Quelqu'un pourrait-il me dire comment activer les communication sur le port 3689, je trouve pas et c'est désespérant...merci P.


----------



## jerome_istin (12 Septembre 2008)

Salut !

Je ne sais pas si ca t'aidera mais...

Apres avoir installe iTunes 8, je ne suis retrouve avec le meme probleme que toi, mais uniquement lorsque je voulais synchroniser avec un cable Ethernet (a priori pas de probleme en wireless).

Comme Pim t'a repondu dans un autre fil, desactiver temporairement le firewall de Mac m'a permis de faire la synchro, mais tu devras probablement cliquer sur le bouton "sync" deux ou trois fois avant que l'erreur disparaisse.

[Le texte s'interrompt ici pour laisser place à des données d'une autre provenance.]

(* Let $L_x,L_y>0$, $L_{xy}\geq 0$, and let $F\in\mathcal{F}(L_x, L_y, L_{xy}, 0, 0)$ (i.e. $F$ is smooth convex-concave, see context) with nonempty saddle point set $S^\star$. Let $L=\max\{L_x, L_y\}$. Assume $F$ has a quadratic gradient growth with constant $\mu_F>0$. If $t\in\left(0, \tfrac{2 \mu_F}{L \mu_F+2L_{xy} \sqrt{\mu_F (L-\mu_F)}+L_{xy}^2}\right)$, then for every $(x^1,y^1)\in\mathbb{R}^n\times\mathbb{R}^m$, the point $x^{2}=x^1-t\nabla_x F(x^1, y^1)$, $y^{2}=y^1+t\nabla_y F(x^1, y^1)$ satisfies $$ d_{S^\star}^2((x^2, y^2))\leq \alpha\, d_{S^\star}^2((x^1, y^1)), $$ where $$ \alpha=t \left(2 tL_{xy} \sqrt{\mu_F (L-\mu_F)}+\mu_F (L t-2)+tL_{xy}^2\right)+1. $$
   Context: $\mathcal{F}(L_x, L_y, L_{xy}, 0, 0)$ denotes the set of differentiable $F:\mathbb{R}^n\times\mathbb{R}^m\to\mathbb{R}$ with $F(\cdot,y)$ convex for all $y$, $F(x,\cdot)$ concave for all $x$, and for all $x,x_1,x_2,y,y_1,y_2$: $\|\nabla_x F(x_2, y)-\nabla_x F(x_1, y)\|\leq L_x\|x_2-x_1\|$; $\|\nabla_y F(x, y_2)-\nabla_y F(x, y_1)\|\leq L_y\|y_2-y_1\|$; $\|\nabla_x F(x, y_2)-\nabla_x F(x, y_1)\|\leq L_{xy}\|y_2-y_1\|$; $\|\nabla_y F(x_2, y)-\nabla_y F(x_1, y)\|\leq L_{xy}\|x_2-x_1\|$. $S^\star$ is the set of saddle points $(x^\star,y^\star)$, i.e. $F(x^\star, y)\leq F(x^\star, y^\star)\leq F(x, y^\star)$ for all $x,y$; it is closed and convex. $d_{S^\star}(z)=\inf_{w\in S^\star}\|z-w\|$. $F$ has quadratic gradient growth with $\mu_F>0$ if for all $(x,y)$: $\langle \nabla_x F(x,y), x-x^\star\rangle-\langle \nabla_y F(x,y), y-y^\star\rangle \geq \mu_F\, d_{S^\star}^2((x,y))$, where $(x^\star,y^\star)$ is the Euclidean projection of $(x,y)$ onto $S^\star$. *)

theory Defs
  imports "HOL-Analysis.Analysis"
begin

text \<open>F :: 'a => 'b => real with 'a, 'b Euclidean spaces (playing R^n, R^m).
  Gx x y and Gy x y are the partial gradients nabla_x F(x,y), nabla_y F(x,y).\<close>

definition partial_gradients ::
  "('a::euclidean_space \<Rightarrow> 'b::euclidean_space \<Rightarrow> real) \<Rightarrow> ('a \<Rightarrow> 'b \<Rightarrow> 'a) \<Rightarrow> ('a \<Rightarrow> 'b \<Rightarrow> 'b) \<Rightarrow> bool" where
  "partial_gradients F Gx Gy \<longleftrightarrow>
     (\<forall>x y. ((\<lambda>u. F u y) has_derivative (\<lambda>h. Gx x y \<bullet> h)) (at x)) \<and>
     (\<forall>x y. ((\<lambda>v. F x v) has_derivative (\<lambda>h. Gy x y \<bullet> h)) (at y))"

definition smooth_convex_concave ::
  "real \<Rightarrow> real \<Rightarrow> real \<Rightarrow> ('a::euclidean_space \<Rightarrow> 'b::euclidean_space \<Rightarrow> real)
   \<Rightarrow> ('a \<Rightarrow> 'b \<Rightarrow> 'a) \<Rightarrow> ('a \<Rightarrow> 'b \<Rightarrow> 'b) \<Rightarrow> bool" where
  "smooth_convex_concave Lx Ly Lxy F Gx Gy \<longleftrightarrow>
     (\<forall>p. (\<lambda>(x, y). F x y) differentiable (at p)) \<and>
     partial_gradients F Gx Gy \<and>
     (\<forall>y. convex_on UNIV (\<lambda>x. F x y)) \<and>
     (\<forall>x. concave_on UNIV (\<lambda>y. F x y)) \<and>
     (\<forall>x1 x2 y. norm (Gx x2 y - Gx x1 y) \<le> Lx * norm (x2 - x1)) \<and>
     (\<forall>x y1 y2. norm (Gy x y2 - Gy x y1) \<le> Ly * norm (y2 - y1)) \<and>
     (\<forall>x y1 y2. norm (Gx x y2 - Gx x y1) \<le> Lxy * norm (y2 - y1)) \<and>
     (\<forall>x1 x2 y. norm (Gy x2 y - Gy x1 y) \<le> Lxy * norm (x2 - x1))"
lemma sum_H_coeff_eq:
  assumes "N \<ge> 1"
  shows "(\<Sum>j<N. H_coeff N k j * x ^ j) =
    (-1) ^ (N * k) * (\<Sum>j=0..N-1. x ^ j / fact j *
      (\<Sum>r=0..N-1-j. inverse (1/2 + real k) ^ (r + 1) * H_inner_pow N k (N-1-j-r)))"
proof -
  define T where "T j = (\<Sum>r=0..N-1-j. inverse (1/2 + real k) ^ (r + 1) * H_inner_pow N k (N-1-j-r))"
    for j
  have H_coeff: "H_coeff N k j = (-1) ^ (N * k) / fact j * T j" if "j \<le> N - 1" for j
  proof -
    define g where "g n = inverse (1/2 + real k) ^ (n - j + 1) * H_inner_pow N k (N - 1 - n)" for n
    have "H_coeff N k j = (-1) ^ (N * k) / fact j * sum g {j..N-1}"
      by (simp add: H_coeff_def g_def H_inner_pow_def)
    also have "{j..N-1} = {0 + j..(N - 1 - j) + j}" using that by simp
    also have "sum g {0 + j..(N - 1 - j) + j} = (\<Sum>r=0..N-1-j. g (r + j))"
      by (rule sum.shift_bounds_cl_nat_ivl)
    also have "\<dots> = T j"
      unfolding T_def by (intro sum.cong refl) (simp add: g_def add.commute)
    finally show ?thesis .
  qed
  have "{..<N} = {0..N-1}" using assms by auto
  then have "(\<Sum>j<N. H_coeff N k j * x ^ j) = (\<Sum>j=0..N-1. (-1) ^ (N * k) * (x ^ j / fact j * T j))"
    by (intro sum.cong) (simp_all add: H_coeff)
  then show ?thesis by (simp add: sum_distrib_left T_def)
qed

lemma fps_nth_fps_exp_minus_of_real:
  "fps_nth (fps_exp (- of_real x)) j = (-1) ^ j * (of_real (x ^ j / fact j) :: 'a :: real_normed_field)"
proof -
  have "fps_nth (fps_exp (- of_real x :: 'a)) j = (-1) ^ j * of_real x ^ j / fact j"
    by (simp only: fps_exp_nth power_minus[of "of_real x"] of_nat_fact)
  also have "\<dots> = (-1) ^ j * of_real (x ^ j / fact j)"
    by (simp only: of_real_divide of_real_power of_real_fact times_divide_eq_right)
  finally show ?thesis .
qed

lemma neg_one_power_sign:
  assumes "N \<ge> 1"
  shows "- (((-1 :: 'a :: comm_ring_1) ^ (k + 1)) ^ N) * (-1) ^ (N - 1) = (-1) ^ (N * k)"
proof -
  obtain n where n: "N = Suc n" using assms by (cases N) auto
  have "((-1 :: 'a) ^ (k + 1)) ^ N = (-1) ^ (N * k) * (-1) ^ n * (-1)"
    by (simp add: n power_add algebra_simps) (simp add: power_minus[of "(-1) ^ k"] power_mult)
  moreover have "(-1 :: 'a) ^ n * (-1) ^ n = 1"
    by (simp add: power_add[symmetric] power_mult_distrib[symmetric])
  ultimately show ?thesis by (simp add: n algebra_simps)
qed

lemma fps_nth_pole_numerator_fps:
  assumes z: "z > 0" and N: "N \<ge> 1"
  shows "fps_nth (pole_numerator_fps N z k) (N - 1) =
         of_real (z powr (- 1/2 - real k) * (\<Sum>j<N. H_coeff N k j * (ln z) ^ j))"
proof -
  define ip where "ip = inverse (1/2 + real k)"
  define S where "S = (\<Sum>j=0..N-1. ln z ^ j / fact j *
      (\<Sum>r=0..N-1-j. ip ^ (r + 1) * H_inner_pow N k (N-1-j-r)))"
  have inverse: "fps_nth (inverse (fps_const (1/2 + of_nat k) + fps_X)) r =
      (-1) ^ r * (of_real (ip ^ (r + 1)) :: complex)"
    for r
    using fps_nth_inverse_const_plus_X[OF half_plus_of_nat_neq_0] by (simp add: ip_def)
  have "fps_nth (fps_exp (- of_real (ln z)) *
          (inverse (fps_const (1/2 + of_nat k) + fps_X) * pole_factor_fps k ^ N)) (N - 1) =
        (-1) ^ (N - 1) * (\<Sum>j=0..N-1. of_real (ln z ^ j / fact j) *
          (\<Sum>r=0..N-1-j. of_real (ip ^ (r + 1)) * of_real (H_inner_pow N k (N-1-j-r))))"
    by (rule fps_mult_nth_alternating[OF fps_nth_fps_exp_minus_of_real
          fps_mult_nth_alternating[OF inverse fps_nth_pole_factor_fps_power]])
  also have "(\<Sum>j=0..N-1. of_real (ln z ^ j / fact j) *
          (\<Sum>r=0..N-1-j. of_real (ip ^ (r + 1)) * of_real (H_inner_pow N k (N-1-j-r)))) =
        (of_real S :: complex)"
    by (simp add: S_def)
  finally have coeff: "fps_nth (fps_exp (- of_real (ln z)) *
          (inverse (fps_const (1/2 + of_nat k) + fps_X) * pole_factor_fps k ^ N)) (N - 1) =
        (-1) ^ (N - 1) * of_real S" .
  have "(- (1/2 + of_nat k) :: complex) = of_real (- 1/2 - real k)" by simp
  then have powr: "of_real z powr (- (1/2 + of_nat k)) = (of_real (z powr (- 1/2 - real k)) :: complex)"
    using powr_of_real[of z "- 1/2 - real k"] z by simp
  have "fps_nth (pole_numerator_fps N z k) (N - 1) =
      (- (((-1) ^ (k + 1)) ^ N) * (-1) ^ (N - 1)) * of_real z powr (- (1/2 + of_nat k)) * of_real S"
    unfolding pole_numerator_fps_def fps_mult_left_const_nth coeff by (simp add: mult_ac)
  also have "\<dots> = of_real (z powr (- 1/2 - real k) * ((-1) ^ (N * k) * S))"
    unfolding neg_one_power_sign[OF N] powr by simp
  also have "(-1) ^ (N * k) * S = (\<Sum>j<N. H_coeff N k j * (ln z) ^ j)"
    using sum_H_coeff_eq[OF N] by (simp add: S_def ip_def)
  finally show ?thesis .
qed

lemma sum_residue_reduced_integrand:
  assumes "z > 0" and "N \<ge> 1"
  shows "(\<Sum>p\<in>integrand_poles M. residue (reduced_integrand N z) p) =
         - of_real (pi powr (real N / 2)) +
         (\<Sum>k<M. of_real (z powr (- 1/2 - real k) * (\<Sum>j<N. H_coeff N k j * (ln z) ^ j)))"
proof -
  have "0 \<notin> (\<lambda>k. 1/2 + of_nat k :: complex) ` {..<M}"
    using half_plus_of_nat_neq_0 by (metis imageE)
  moreover have "inj_on (\<lambda>k. 1/2 + of_nat k :: complex) {..<M}" by (auto simp: inj_on_def)
  ultimately have "(\<Sum>p\<in>integrand_poles M. residue (reduced_integrand N z) p) =
      residue (reduced_integrand N z) 0 + (\<Sum>k<M. residue (reduced_integrand N z) (1/2 + of_nat k))"
    by (simp add: integrand_poles_def sum.reindex)
  then show ?thesis
    by (simp only: residue_reduced_integrand_0 residue_reduced_integrand_half_plus_of_nat
        fps_nth_pole_numerator_fps assms)
qed

lemma continuous_reduced_integrand_vertical_line:
  assumes "\<sigma> \<noteq> 0" and "\<And>k. \<sigma> \<noteq> 1/2 + real k"
  shows "continuous_on UNIV (\<lambda>t. reduced_integrand N z (Complex \<sigma> t))"
proof (rule continuous_on_vertical_line)
  show "continuous_on (- insert 0 (range (\<lambda>k. 1/2 + of_nat k))) (reduced_integrand N z)"
    by (rule holomorphic_on_imp_continuous_on[OF holomorphic_reduced_integrand])
  fix t
  show "Complex \<sigma> t \<in> - insert 0 (range (\<lambda>k. 1/2 + of_nat k))"
    using assms by (auto simp: complex_eq_iff)
qed

lemma reduced_integrand_line_integral_shift:
  assumes z: "z > 0" and N: "N \<ge> 1" and c: "c < 0" and M: "M \<ge> 4"
  shows "(LINT t|lborel. reduced_integrand N z (Complex (real M) t)) -
         (LINT t|lborel. reduced_integrand N z (Complex c t)) =
         2 * pi * (\<Sum>p\<in>integrand_poles M. residue (reduced_integrand N z) p)"
proof (rule vertical_line_integral_shift)
  let ?S = "{s. Re s < real M + 1/4}"
  show "c < real M" "open ?S" "connected ?S" "{s. c \<le> Re s \<and> Re s \<le> real M} \<subseteq> ?S"
    using c by (auto intro: open_halfspace_Re_lt convex_connected convex_halfspace_Re_lt)
  show "finite (integrand_poles M)" by (simp add: integrand_poles_def)
  show "c < Re p \<and> Re p < real M" if "p \<in> integrand_poles M" for p
    using that c M by (auto simp: integrand_poles_def)
  have "?S - integrand_poles M \<subseteq> - insert 0 (range (\<lambda>k. 1/2 + of_nat k))"
    by (auto simp: integrand_poles_def)
  then show "reduced_integrand N z holomorphic_on ?S - integrand_poles M"
    by (rule holomorphic_on_subset[OF holomorphic_reduced_integrand])
  show "integrable lborel (\<lambda>t. reduced_integrand N z (Complex c t))"
    by (rule bounded_by_inverse_1_plus_square(1)[OF continuous_reduced_integrand_vertical_line
        norm_reduced_integrand_left_line[OF z c N]]) (use c in auto)
  show "integrable lborel (\<lambda>t. reduced_integrand N z (Complex (real M) t))"
    by (rule bounded_by_inverse_1_plus_square(1)[OF continuous_reduced_integrand_vertical_line
        norm_reduced_integrand_right_line[OF z N M]]) (use M of_nat_neq_half_plus_of_nat in auto)
  have "{s. c \<le> Re s \<and> Re s \<le> real M \<and> 1 \<le> \<bar>Im s\<bar>} \<subseteq> - insert 0 (range (\<lambda>k. 1/2 + of_nat k))"
    by auto
  then have "continuous_on {s. c \<le> Re s \<and> Re s \<le> real M \<and> 1 \<le> \<bar>Im s\<bar>} (reduced_integrand N z)"
    by (rule continuous_on_subset[OF holomorphic_on_imp_continuous_on[OF holomorphic_reduced_integrand]])
  note horizontal = tendsto_contour_integral_horizontal_linepath[OF _ _ this norm_reduced_integrand_horizontal[OF z N c]]
  show "((\<lambda>T. contour_integral (linepath (Complex c T) (Complex (real M) T)) (reduced_integrand N z))
      \<longlongrightarrow> 0) at_top"
    using horizontal[of 1] c by simp
  show "((\<lambda>T. contour_integral (linepath (Complex c (-T)) (Complex (real M) (-T))) (reduced_integrand N z))
      \<longlongrightarrow> 0) at_top"
    using horizontal[of "-1"] c by simp
qed

lemma reduced_integrand_right_line_integral_tendsto_0:
  assumes z: "z > 0" and N: "N \<ge> 1"
  shows "(\<lambda>M. LINT t|lborel. reduced_integrand N z (Complex (real M) t)) \<longlonglongrightarrow> 0"
proof (rule Lim_null_comparison)
  show "eventually (\<lambda>M. norm (LINT t|lborel. reduced_integrand N z (Complex (real M) t)) \<le>
      4 * sqrt pi * z powr (- real M) / fact (M - 1) * pi) sequentially"
    using eventually_ge_at_top[of 4]
  proof (rule eventually_mono)
    fix M :: nat assume "M \<ge> 4"
    show "norm (LINT t|lborel. reduced_integrand N z (Complex (real M) t)) \<le>
        4 * sqrt pi * z powr (- real M) / fact (M - 1) * pi"
      by (rule bounded_by_inverse_1_plus_square(2)[OF continuous_reduced_integrand_vertical_line
          norm_reduced_integrand_right_line[OF z N \<open>M \<ge> 4\<close>]]) (use \<open>M \<ge> 4\<close> of_nat_neq_half_plus_of_nat in auto)
  qed
  define x where "x = inverse z"
  have "(\<lambda>n. inverse (fact n) * x ^ n) \<longlonglongrightarrow> 0"
    by (rule summable_LIMSEQ_zero[OF summable_exp])
  then have "(\<lambda>n. (4 * sqrt pi * pi * x) * (inverse (fact n) * x ^ n)) \<longlonglongrightarrow> 0"
    by (simp add: tendsto_mult_right_zero)
  moreover have x: "z powr (- real m) = x ^ m" for m
    using z by (simp add: x_def powr_minus powr_realpow power_inverse)
  ultimately have "(\<lambda>n. 4 * sqrt pi * z powr (- real (Suc n)) / fact (Suc n - 1) * pi) \<longlonglongrightarrow> 0"
    unfolding x by (simp add: field_simps)
  then show "(\<lambda>M. 4 * sqrt pi * z powr (- real M) / fact (M - 1) * pi) \<longlonglongrightarrow> 0"
    by (rule filterlim_sequentially_Suc[THEN iffD1])
qed
lemma bij_betw_add_top:
  assumes "1 \<le> m" "m < n"
  shows "bij_betw (add_top m) (SIGMA M:narrow_configs (n - m). {1..m + top_mult M - 1})
    (narrow_configs_top n m)"
proof (rule bij_betw_imageI)
  have "(SIGMA M:narrow_configs (n - m). {1..m + top_mult M - 1}) \<subseteq> {(M, d). M \<noteq> {#} \<and> d \<ge> 1}"
    using assms by (auto simp: narrow_configs_def)
  then show "inj_on (add_top m) (SIGMA M:narrow_configs (n - m). {1..m + top_mult M - 1})"
    using inj_on_add_top[OF assms(1)] by (rule inj_on_subset[rotated])
  show "add_top m ` (SIGMA M:narrow_configs (n - m). {1..m + top_mult M - 1}) = narrow_configs_top n m"
  proof (intro equalityI subsetI)
    fix M assume "M \<in> add_top m ` (SIGMA M:narrow_configs (n - m). {1..m + top_mult M - 1})"
    then obtain M' d where "M' \<in> narrow_configs (n - m)" "d \<in> {1..m + top_mult M' - 1}"
      "M = add_top m (M', d)" by auto
    then show "M \<in> narrow_configs_top n m"
      using add_top_in_narrow_configs_top[of M' "n - m" d m] assms by simp
  next
    fix M assume "M \<in> narrow_configs_top n m"
    then show "M \<in> add_top m ` (SIGMA M:narrow_configs (n - m). {1..m + top_mult M - 1})"
      by (rule narrow_configs_top_decompose[OF _ assms]) auto
  qed
qed

lemma finite_narrow_configs: "finite (narrow_configs n)"
proof (induction n rule: less_induct)
  case (less n)
  show ?case
  proof (cases "n = 0")
    case True
    then have "narrow_configs n \<subseteq> {{#}}" by (auto simp: narrow_configs_def)
    then show ?thesis by (rule finite_subset) simp
  next
    case n: False
    have "finite (narrow_configs_top n m)" if "m \<in> {1..n}" for m
    proof (cases "m = n")
      case True
      then show ?thesis using n by (simp add: narrow_configs_top_self)
    next
      case False
      with that have m: "1 \<le> m" "m < n" by auto
      with less.IH[of "n - m"] have "finite (SIGMA M:narrow_configs (n - m). {1..m + top_mult M - 1})"
        by auto
      then show ?thesis using bij_betw_finite[OF bij_betw_add_top[OF m]] by simp
    qed
    then show ?thesis using n by (simp add: narrow_configs_eq_UN)
  qed
qed
(* Consider the latent class MNL pricing model of the context. Then: (i) $\bar{\mathcal{R}}\le\beta_e\,\mathcal{R}^e\le\beta_e\,\mathcal{R}^*$, with no further conditions, where $\beta_e$ is $\beta_f$ for $f=e=(1,\dots,1)$. (ii) If for each $j\in M$ the price sensitivities $b_{kj}=b_j$ do not depend on $k\in N$, then the economic factor and the robust factor are both proportional to $e$ (so pricing along either is equivalent to uniform pricing). (iii) For every vector $f$ with positive components such that $d^j(\bar p^j)'f\le\min_{i\in N}f_i$ for all $j\in M$, we have $\bar{\mathcal{R}}\le\beta_f\,\mathcal{R}^f\le\beta_f\,\mathcal{R}^*$.
   Context: Products $N=\{1,\dots,n\}$, customer types $M=\{1,\dots,m\}$ with weights $\theta_j>0$, $\sum_j\theta_j=1$. For type $j$, with parameters $a_{ij}\in\mathbb{R}$ and $b_{ij}>0$, the demand for product $i$ at price vector $p$ is $$d_{ij}(p)=\frac{\exp(a_{ij}-b_{ij}p_i)}{1+\sum_{k\in N}\exp(a_{kj}-b_{kj}p_k)},$$ $d^j(p)$ is the vector $(d_{ij}(p))_{i\in N}$, and $R_j(p)=\sum_ip_id_{ij}(p)$. Standing assumption (A0): each $R_j$ attains its maximum $\mathcal{R}^*_j$ over $p\ge 0$ at a price vector $\bar p^j=(\bar p_{ij})_i$ with positive finite components. $\bar{\mathcal{R}}:=\sum_j\theta_j\mathcal{R}^*_j$; $R(p):=\sum_j\theta_jR_j(p)$; $\mathcal{R}^*:=\max_{p\ge0}R(p)$; for positive $f$, $\mathcal{R}^f:=\max_{q>0}R(qf)$ and $\beta_f:=1+\ln(q_{\max}/q_{\min})$ with $q_{\min}=\min_{i,j}\bar p_{ij}/f_i$, $q_{\max}=\max_{i,j}\bar p_{ij}/f_i$. The economic factor is $f=\sum_j\alpha_j\bar p^j$ with $\alpha_j=\theta_j\mathcal{R}^*_j/\bar{\mathcal{R}}$; the robust factor is $f^*_i=\sqrt{p^L_ip^H_i}$ where $p^H_i=\max_j\bar p_{ij}$, $p^L_i=\min_j\bar p_{ij}$. *)

theory Defs
  imports "HOL-Analysis.Analysis"
begin

text \<open>Products are indexed by a finite type 'i, customer types by a finite type 'j.
  a i j, b i j are the MNL parameters, p :: 'i \<Rightarrow> real a price vector.\<close>

definition demand :: "('i::finite \<Rightarrow> 'j \<Rightarrow> real) \<Rightarrow> ('i \<Rightarrow> 'j \<Rightarrow> real) \<Rightarrow> ('i \<Rightarrow> real) \<Rightarrow> 'i \<Rightarrow> 'j \<Rightarrow> real"
  where "demand a b p i j =
    exp (a i j - b i j * p i) / (1 + (\<Sum>k\<in>UNIV. exp (a k j - b k j * p k)))"

definition revj :: "('i::finite \<Rightarrow> 'j \<Rightarrow> real) \<Rightarrow> ('i \<Rightarrow> 'j \<Rightarrow> real) \<Rightarrow> 'j \<Rightarrow> ('i \<Rightarrow> real) \<Rightarrow> real"
  where "revj a b j p = (\<Sum>i\<in>UNIV. p i * demand a b p i j)"

definition revtot :: "('j::finite \<Rightarrow> real) \<Rightarrow> ('i::finite \<Rightarrow> 'j \<Rightarrow> real) \<Rightarrow> ('i \<Rightarrow> 'j \<Rightarrow> real) \<Rightarrow> ('i \<Rightarrow> real) \<Rightarrow> real"
  where "revtot \<theta> a b p = (\<Sum>j\<in>UNIV. \<theta> j * revj a b j p)"

definition Rbar :: "('j::finite \<Rightarrow> real) \<Rightarrow> ('i::finite \<Rightarrow> 'j \<Rightarrow> real) \<Rightarrow> ('i \<Rightarrow> 'j \<Rightarrow> real) \<Rightarrow> ('j \<Rightarrow> 'i \<Rightarrow> real) \<Rightarrow> real"
  where "Rbar \<theta> a b pbar = (\<Sum>j\<in>UNIV. \<theta> j * revj a b j (pbar j))"

definition Ropt :: "('j::finite \<Rightarrow> real) \<Rightarrow> ('i::finite \<Rightarrow> 'j \<Rightarrow> real) \<Rightarrow> ('i \<Rightarrow> 'j \<Rightarrow> real) \<Rightarrow> real"
  where "Ropt \<theta> a b = Sup {revtot \<theta> a b p | p. \<forall>i. 0 \<le> p i}"

definition Rfac :: "('j::finite \<Rightarrow> real) \<Rightarrow> ('i::finite \<Rightarrow> 'j \<Rightarrow> real) \<Rightarrow> ('i \<Rightarrow> 'j \<Rightarrow> real) \<Rightarrow> ('i \<Rightarrow> real) \<Rightarrow> real"
  where "Rfac \<theta> a b f = Sup {revtot \<theta> a b (\<lambda>i. q * f i) | q::real. 0 < q}"

definition qmin :: "('j::finite \<Rightarrow> 'i::finite \<Rightarrow> real) \<Rightarrow> ('i \<Rightarrow> real) \<Rightarrow> real"
  where "qmin pbar f = Min {pbar j i / f i | i j. True}"

definition qmax :: "('j::finite \<Rightarrow> 'i::finite \<Rightarrow> real) \<Rightarrow> ('i \<Rightarrow> real) \<Rightarrow> real"
  where "qmax pbar f = Max {pbar j i / f i | i j. True}"

definition beta :: "('j::finite \<Rightarrow> 'i::finite \<Rightarrow> real) \<Rightarrow> ('i \<Rightarrow> real) \<Rightarrow> real"
  where "beta pbar f = 1 + ln (qmax pbar f / qmin pbar f)"

definition econ_factor :: "('j::finite \<Rightarrow> real) \<Rightarrow> ('i::finite \<Rightarrow> 'j \<Rightarrow> real) \<Rightarrow> ('i \<Rightarrow> 'j \<Rightarrow> real) \<Rightarrow> ('j \<Rightarrow> 'i \<Rightarrow> real) \<Rightarrow> 'i \<Rightarrow> real"
  where "econ_factor \<theta> a b pbar i =
    (\<Sum>j\<in>UNIV. (\<theta> j * revj a b j (pbar j) / Rbar \<theta> a b pbar) * pbar j i)"

definition robust_factor :: "('j::finite \<Rightarrow> 'i \<Rightarrow> real) \<Rightarrow> 'i \<Rightarrow> real"
  where "robust_factor pbar i = sqrt ((MIN j. pbar j i) * (MAX j. pbar j i))"

end

theory Submission
  imports Defs
begin

text \<open>Fix a positive price direction f and put w(j,i) = \<theta>_j d_ij(pbar_j) f_i and t(j,i) = pbar_ji / f_i,
  so that Rbar = \<Sum> w(j,i) t(j,i) with every t(j,i) in [q_min, q_max]. For q > 0 the products with
  t(j,i) \<ge> q become cheaper when type j faces the prices q f instead of pbar_j; under
  d^j(pbar_j)'f \<le> min f their f-weighted demand at pbar_j is therefore at most the total
  f-weighted demand at q f, hence
  q \<Sum>{w(j,i) | t(j,i) \<ge> q} \<le> R(q f) \<le> R^f. Integrating these tail bounds over q (layer-cake formula)
  gives Rbar \<le> (1 + ln (q_max / q_min)) R^f. For f = e the demand condition holds because total
  demand is below 1, and when b_ij does not depend on i the first-order condition
  pbar_ji = 1 / b_ij + R_j^* makes every pbar_j constant.\<close>

lemma has_integral_indicator_Icc_real:
  fixes L t H :: real
  assumes "L \<le> t" "t \<le> H"
  shows "((\<lambda>q. if q \<in> {L..t} then 1 else 0) has_integral (t - L)) {L..H}"
proof -
  have "((\<lambda>q. 1::real) has_integral (t - L)) (cbox L t)"
    using has_integral_const_real[of "1::real" L t] assms by simp
  then have "((\<lambda>q. if q \<in> cbox L t then 1 else 0) has_integral (t - L)) (cbox L H)"
    by (rule has_integral_restrict_closed_subinterval) (use assms in auto)
  then show ?thesis by simp
qed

Une fois mes 100Go de donnees transferees, je suis repasse en synchro wireless et le probleme a disparu et j'ai reactive mon firewall...

Hope this helps!


----------



## vador300 (25 Septembre 2008)

Salut,
J'ai un peu tout essayé sauf la synchro via ethernet, rien ne marche, nouvelle version Apple TV, nouvelle OS Leopard 10.5.5, réinitialisation apple tv la synchro commence bien la 1ere fois mais plante à la 2e....un vrai kk....any help welcome merci
V.


----------



## vador300 (28 Septembre 2008)

Hello, j'ai appelé l'apple center et on a tout essayé, ça ne marche toujours pas. On a même fait l'échange de l'apple TV, et toujours le même problème. On a aussi réinstallé lke système, vérifié la borne airport, bref tout apparemment et toujorus le mêmme problème. .....à ne plus rien comprendre. V.


----------